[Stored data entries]
lemma is_ray_if_prefixes_are_paths:
  assumes "\<And>n. is_path V E (map g [0..<Suc n])"
  shows "is_ray V E g"
  unfolding is_ray_def
proof (intro conjI allI injI subsetI)
  fix a b assume "g a = g b"
  moreover have "distinct (map g [0..<Suc (a + b)])"
    using assms[of "a + b"] unfolding is_path_def by blast
  ultimately show "a = b" by (simp add: distinct_map inj_on_def del: upt_Suc)
next
  fix y assume "y \<in> range g"
  then obtain n where "y \<in> set (map g [0..<Suc n])" by auto
  then show "y \<in> V" using assms[of n] unfolding is_path_def by blast
next
  fix i
  have "successively E (map g [0..<Suc (Suc i)])"
    using assms[of "Suc i"] unfolding is_path_iff_successively by blast
  then show "E (g i) (g (Suc i))"
    using successively_nth[of E "map g [0..<Suc (Suc i)]" i] by (simp del: upt_Suc)
qed

context rooted_tree
begin

lemma root_path_rooted_ray:
  assumes "is_ray V E g" "g 0 = r"
  shows "root_path (g n) = map g [0..<Suc n]"
proof -
  have "is_path V E (map g [0..<Suc n])"
    using assms(1) unfolding is_path_def is_ray_def
    by (auto simp: distinct_map inj_on_def inj_def nth_append simp del: upt_Suc)
  moreover have "hd (map g [0..<Suc n]) = r" using assms(2) by (simp add: hd_map del: upt_Suc)
  ultimately show ?thesis using root_path_unique by fastforce
qed

lemma mem_root_path_rooted_ray:
  assumes "is_ray V E g" "g 0 = r"
  shows "t \<in> set (root_path (g n)) \<longleftrightarrow> (\<exists>k\<le>n. g k = t)"
proof -
  have "set (map g [0..<Suc n]) = g ` {0..n}"
    by (simp only: set_map set_upt atLeastLessThanSuc_atLeastAtMost)
  then show ?thesis
    using root_path_rooted_ray[OF assms, of n] by (simp del: upt_Suc) (auto simp: image_iff)
qed

text \<open>Once a ray steps away from the root it never steps back (that would revisit a vertex),
  and it cannot step towards the root forever.\<close>

lemma ray_eventually_ascends:
  assumes f: "is_ray V E f"
  obtains m where "\<And>j. root_path (f (Suc (m + j))) = root_path (f (m + j)) @ [f (Suc (m + j))]"
proof -
  have fV: "f n \<in> V" for n using f unfolding is_ray_def by blast
  have finj: "f a = f b \<Longrightarrow> a = b" for a b using f unfolding is_ray_def inj_def by blast
  define up where "up n \<longleftrightarrow> root_path (f (Suc n)) = root_path (f n) @ [f (Suc n)]" for n
  have down: "\<not> up n \<Longrightarrow> root_path (f n) = root_path (f (Suc n)) @ [f n]" for n
    using root_path_adjacent f unfolding up_def is_ray_def by meson
  have up_Suc: "up n \<Longrightarrow> up (Suc n)" for n
  proof (rule ccontr)
    assume "up n" "\<not> up (Suc n)"
    then have "root_path (f (Suc (Suc n))) = root_path (f n)"
      using down[of "Suc n"] unfolding up_def by auto
    then have "f (Suc (Suc n)) = f n" using root_path(3)[OF fV] by metis
    then show False using finj by fastforce
  qed
  have "\<exists>m. up m"
  proof (rule ccontr)
    assume "\<nexists>m. up m"
    then have shorter: "length (root_path (f (Suc n))) < length (root_path (f n))" for n
      using down[of n] by auto
    have "length (root_path (f n)) + n \<le> length (root_path (f 0))" for n
    proof (induction n)
      case (Suc n)
      then show ?case using shorter[of n] by simp
    qed simp
    from this[of "Suc (length (root_path (f 0)))"] show False by simp
  qed
  then obtain m where "up m" by blast
  then have "up (m + j)" for j by (induction j) (use up_Suc in auto)
  then show ?thesis using that unfolding up_def by auto
qed

text \<open>The rooted ray: the path from \<open>r\<close> to a vertex of \<open>f\<close> after which \<open>f\<close> only ascends,
  continued along \<open>f\<close>.\<close>

lemma rooted_ray_equiv:
  assumes f: "is_ray V E f"
  shows "\<exists>g. is_ray V E g \<and> g 0 = r \<and> ray_equiv f g"
proof -
  have fV: "f n \<in> V" for n using f unfolding is_ray_def by blast
  obtain m where ascend:
    "\<And>j. root_path (f (Suc (m + j))) = root_path (f (m + j)) @ [f (Suc (m + j))]"
    using ray_eventually_ascends[OF f] by blast
  define L where "L = length (root_path (f m))"
  have L: "L \<ge> 1" using root_pathD(1)[OF fV[of m]] L_def by (simp add: Suc_le_eq)
  define g where "g k = (if k < L then root_path (f m) ! k else f (m + (k + 1 - L)))" for k
  have prefix: "root_path (f (m + j)) = map g [0..<L + j]" for j
  proof (induction j)
    case 0
    have "map g [0..<L] = map (\<lambda>k. root_path (f m) ! k) [0..<L]"
      by (rule map_cong) (auto simp: g_def)
    also have "\<dots> = root_path (f m)" unfolding L_def by (rule map_nth)
    finally show ?case by simp
  next
    case (Suc j)
    have "root_path (f (m + Suc j)) = root_path (f (m + j)) @ [f (m + Suc j)]"
      using ascend[of j] by simp
    also have "\<dots> = map g [0..<L + j] @ [g (L + j)]" using Suc L by (simp add: g_def)
    finally show ?case by simp
  qed
  have "is_path V E (map g [0..<Suc n])" for n
  proof -
    have "map g [0..<Suc n] = take (Suc n) (root_path (f (m + n)))"
      using L by (simp add: prefix take_map del: upt_Suc)
    moreover have "n < length (root_path (f (m + n)))" using L by (simp add: prefix)
    ultimately show ?thesis using is_path_take[OF root_path(1)[OF fV]] by simp
  qed
  then have "is_ray V E g" by (rule is_ray_if_prefixes_are_paths)
  moreover have "g 0 = r"
    using L root_path(2)[OF fV[of m]] root_pathD(1)[OF fV[of m]] by (simp add: g_def hd_conv_nth)
  moreover have "f (m + k) = g (L - 1 + k)" for k
    using root_path(3)[OF fV, of "m + k"] L by (simp add: prefix last_map)
  then have "ray_equiv f g" unfolding ray_equiv_def by blast
  ultimately show ?thesis by blast
qed

lemma end_has_rooted_ray:
  assumes "\<omega> \<in> ends V E"
  obtains g where "g \<in> \<omega>" "g 0 = r" "is_ray V E g"
proof -
  obtain f where f: "f \<in> \<omega>" using end_nonempty[OF assms] by blast
  then obtain g where "is_ray V E g" "g 0 = r" "ray_equiv f g"
    using rooted_ray_equiv end_is_ray[OF assms] by blast
  then show ?thesis using that end_mem_iff[OF assms f] by blast
qed

end

section \<open>Subtrees and basic regions at a vertex\<close>

context rooted_tree
begin

definition walk_within :: "'v set \<Rightarrow> 'v \<Rightarrow> 'v \<Rightarrow> bool" where
  "walk_within S u v \<longleftrightarrow>
    (\<exists>w. w \<noteq> [] \<and> successively E w \<and> set w \<subseteq> S \<and> hd w = u \<and> last w = v)"

lemma walk_within_sym: "walk_within S u v \<Longrightarrow> walk_within S v u"
proof -
  assume "walk_within S u v"
  then obtain w where "w \<noteq> []" "successively E w" "set w \<subseteq> S" "hd w = u" "last w = v"
    unfolding walk_within_def by blast
  moreover have "successively E (rev w)"
    using graph_successively_rev[OF is_graph] \<open>successively E w\<close> .
  ultimately show ?thesis unfolding walk_within_def
    by (intro exI[of _ "rev w"]) (simp add: hd_rev last_rev)
qed

lemma walk_within_trans: "walk_within S u v \<Longrightarrow> walk_within S v z \<Longrightarrow> walk_within S u z"
proof -
  assume "walk_within S u v" "walk_within S v z"
  then obtain w1 w2
    where w1: "w1 \<noteq> []" "successively E w1" "set w1 \<subseteq> S" "hd w1 = u" "last w1 = v"
      and w2: "w2 \<noteq> []" "successively E w2" "set w2 \<subseteq> S" "hd w2 = v" "last w2 = z"
    unfolding walk_within_def by blast
  show "walk_within S u z"
  proof (cases "tl w2 = []")
    case True
    then have "z = v" using w2 by (metis last_ConsL list.collapse)
    then show ?thesis using w1 unfolding walk_within_def by blast
  next
    case False
    have w2': "w2 = v # tl w2" using w2 by (metis list.collapse)
    then have "E v (hd (tl w2))" "successively E (tl w2)" using w2(2) False
      by (metis successively_Cons)+
    then have "successively E (w1 @ tl w2)" using w1 False by (auto simp: successively_append_iff)
    moreover have "set (tl w2) \<subseteq> set w2" by (cases w2) auto
    then have "set (w1 @ tl w2) \<subseteq> S" using w1(3) w2(3) by auto
    moreover have "last (w1 @ tl w2) = z" using False w2 w2' by (metis last_ConsR last_appendR)
    ultimately show ?thesis unfolding walk_within_def using w1
      by (intro exI[of _ "w1 @ tl w2"]) auto
  qed
qed

lemma connected_set_if_walks_from:
  assumes "S \<subseteq> V" "c \<in> S" "\<And>v. v \<in> S \<Longrightarrow> walk_within S c v"
  shows "connected_set V E S"
  unfolding connected_set_def
proof (intro conjI ballI)
  fix u v assume "u \<in> S" "v \<in> S"
  then have "walk_within S u v" using assms walk_within_sym walk_within_trans by blast
  then obtain w where w: "w \<noteq> []" "successively E w" "set w \<subseteq> S" "hd w = u" "last w = v"
    unfolding walk_within_def by blast
  then obtain p where "p \<noteq> [] \<and> distinct p \<and> successively E p \<and> set p \<subseteq> set w \<and>
      hd p = hd w \<and> last p = last w"
    using walk_contains_path by blast
  then show "\<exists>p. is_path V E p \<and> set p \<subseteq> S \<and> hd p = u \<and> last p = v"
    using w assms(1) by (intro exI[of _ p]) (auto simp: is_path_iff_successively)
qed (use assms in blast)
lemma rate_mult: "rate (\<succeq>) (a * b) = rate (\<succeq>) a * rate (\<succeq>) b"
proof (rule real_eq_if_scaled_dist_bounded)
  fix n :: nat assume "0 < n"
  obtain ma where a: "of_nat n * a \<succeq> of_nat ma" "of_nat (Suc ma) \<succeq> of_nat n * a"
    "real ma \<le> real n * rate (\<succeq>) a" "real n * rate (\<succeq>) a \<le> real ma + 1"
    using rate_approximation[OF \<open>0 < n\<close>] .
  obtain mb where b: "of_nat n * b \<succeq> of_nat mb" "of_nat (Suc mb) \<succeq> of_nat n * b"
    "real mb \<le> real n * rate (\<succeq>) b" "real n * rate (\<succeq>) b \<le> real mb + 1"
    using rate_approximation[OF \<open>0 < n\<close>] .
  define X Y Z where "X = real n * rate (\<succeq>) a" and "Y = real n * rate (\<succeq>) b"
    and "Z = real (n * n) * rate (\<succeq>) (a * b)"
  have "0 < n * n" using \<open>0 < n\<close> by simp
  have "of_nat (n * n) * (a * b) \<succeq> of_nat (ma * mb)"
    using ge_mult[OF a(1) b(1)] by (simp add: mult_ac)
  then have "real (ma * mb) \<le> Z" unfolding Z_def by (rule rate_lower[OF \<open>0 < n * n\<close>])
  then have Z_lower: "real ma * real mb \<le> Z" by simp
  have "of_nat (Suc ma * Suc mb) \<succeq> of_nat (n * n) * (a * b)"
    using ge_mult[OF a(2) b(2)] by (simp only: of_nat_mult mult_ac)
  then have "Z \<le> real (Suc ma * Suc mb)" unfolding Z_def by (rule rate_upper[OF \<open>0 < n * n\<close>])
  then have Z_upper: "Z \<le> (real ma + 1) * (real mb + 1)" by (simp add: algebra_simps)
  have XY_lower: "real ma * real mb \<le> X * Y"
    using a(3) b(3) unfolding X_def Y_def by (intro mult_mono) simp_all
  have XY_upper: "X * Y \<le> (real ma + 1) * (real mb + 1)"
    using a(4) b(4) rate_nonneg unfolding X_def Y_def by (intro mult_mono) simp_all
  have "Z - X * Y = real n * real n * (rate (\<succeq>) (a * b) - rate (\<succeq>) a * rate (\<succeq>) b)"
    unfolding X_def Y_def Z_def by (simp add: algebra_simps)
  then have "real n * (real n * \<bar>rate (\<succeq>) (a * b) - rate (\<succeq>) a * rate (\<succeq>) b\<bar>) = \<bar>Z - X * Y\<bar>"
    by (simp add: abs_mult)
  also have "\<dots> \<le> real ma + real mb + 1"
    using Z_lower Z_upper XY_lower XY_upper unfolding abs_le_iff distrib_left distrib_right
    by linarith
  also have "\<dots> \<le> real n * (rate (\<succeq>) a + rate (\<succeq>) b + 1)"
    using a(3) b(3) \<open>0 < n\<close> by (simp add: algebra_simps)
  finally show "real n * \<bar>rate (\<succeq>) (a * b) - rate (\<succeq>) a * rate (\<succeq>) b\<bar> \<le> rate (\<succeq>) a + rate (\<succeq>) b + 1"
    using \<open>0 < n\<close> by simp
qed

lemma mono_hom_rate: "mono_hom_Rplus (\<succeq>) (rate (\<succeq>))"
  unfolding mono_hom_Rplus_def
  by (intro conjI allI impI rate_nonneg rate_0 rate_1 rate_add rate_mult rate_mono)

end

context strassen_semiring
begin

theorem catalytic_ge_if_hom_less:
  assumes "\<And>f. mono_hom_Rplus (\<succeq>) f \<Longrightarrow> f b < f a"
  shows "\<exists>z w. z \<noteq> 0 \<and> w \<noteq> 0 \<and> z * a + w \<succeq> z * b + w"
proof (rule ccontr)
  assume no_catalyst: "\<not> ?thesis"
  have consistent: "\<not> s * a + w \<succeq> s * b + w" if "s \<noteq> 0" for s w
  proof
    assume "s * a + w \<succeq> s * b + w"
    then have "(s * a + w) + 1 \<succeq> (s * b + w) + 1" by (rule ge_add_right)
    then have "s * a + (w + 1) \<succeq> s * b + (w + 1)" by (simp add: add.assoc)
    moreover have "w + 1 \<noteq> 0" using nonzero_add[OF one_nonzero, of w] by (simp add: add.commute)
    ultimately show False using no_catalyst \<open>s \<noteq> 0\<close> by blast
  qed
  interpret R: strassen_semiring "adjoin_ge (\<succeq>) b a"
    using strassen_adjoin_ge[OF consistent] by (rule strassen_semiring.intro)
  obtain M where M: "strassen_preordered M" "\<And>u v. M u v \<or> M v u" "adjoin_ge (\<succeq>) b a \<le> M"
    using R.total_strassen_extension[OF cancellative_adjoin_ge] by blast
  interpret M: total_strassen_semiring M
    using M(1,2) by (simp add: total_strassen_semiring_def total_strassen_semiring_axioms_def
        strassen_semiring_def)
  have "mono_hom_Rplus (\<succeq>) (rate M)"
    using M.mono_hom_rate order_trans[OF adjoin_ge_extends M(3)] by (rule mono_hom_Rplus_subrel)
  then have "rate M b < rate M a" by (rule assms)
  moreover have "M b a" using M(3) adjoin_ge_self by (rule predicate2D)
  then have "rate M a \<le> rate M b" by (rule M.rate_mono)
  ultimately show False by simp
qed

Exercise
After locating the line holding "using root_path(3)[OF fV, of" above, output exactly that line and every line after it through the line holding "u v \<longleftrightarrow>". Include nothing else.

Task response
    using root_path(3)[OF fV, of "m + k"] L by (simp add: prefix last_map)
  then have "ray_equiv f g" unfolding ray_equiv_def by blast
  ultimately show ?thesis by blast
qed

lemma end_has_rooted_ray:
  assumes "\<omega> \<in> ends V E"
  obtains g where "g \<in> \<omega>" "g 0 = r" "is_ray V E g"
proof -
  obtain f where f: "f \<in> \<omega>" using end_nonempty[OF assms] by blast
  then obtain g where "is_ray V E g" "g 0 = r" "ray_equiv f g"
    using rooted_ray_equiv end_is_ray[OF assms] by blast
  then show ?thesis using that end_mem_iff[OF assms f] by blast
qed

end

section \<open>Subtrees and basic regions at a vertex\<close>

context rooted_tree
begin

definition walk_within :: "'v set \<Rightarrow> 'v \<Rightarrow> 'v \<Rightarrow> bool" where
  "walk_within S u v \<longleftrightarrow>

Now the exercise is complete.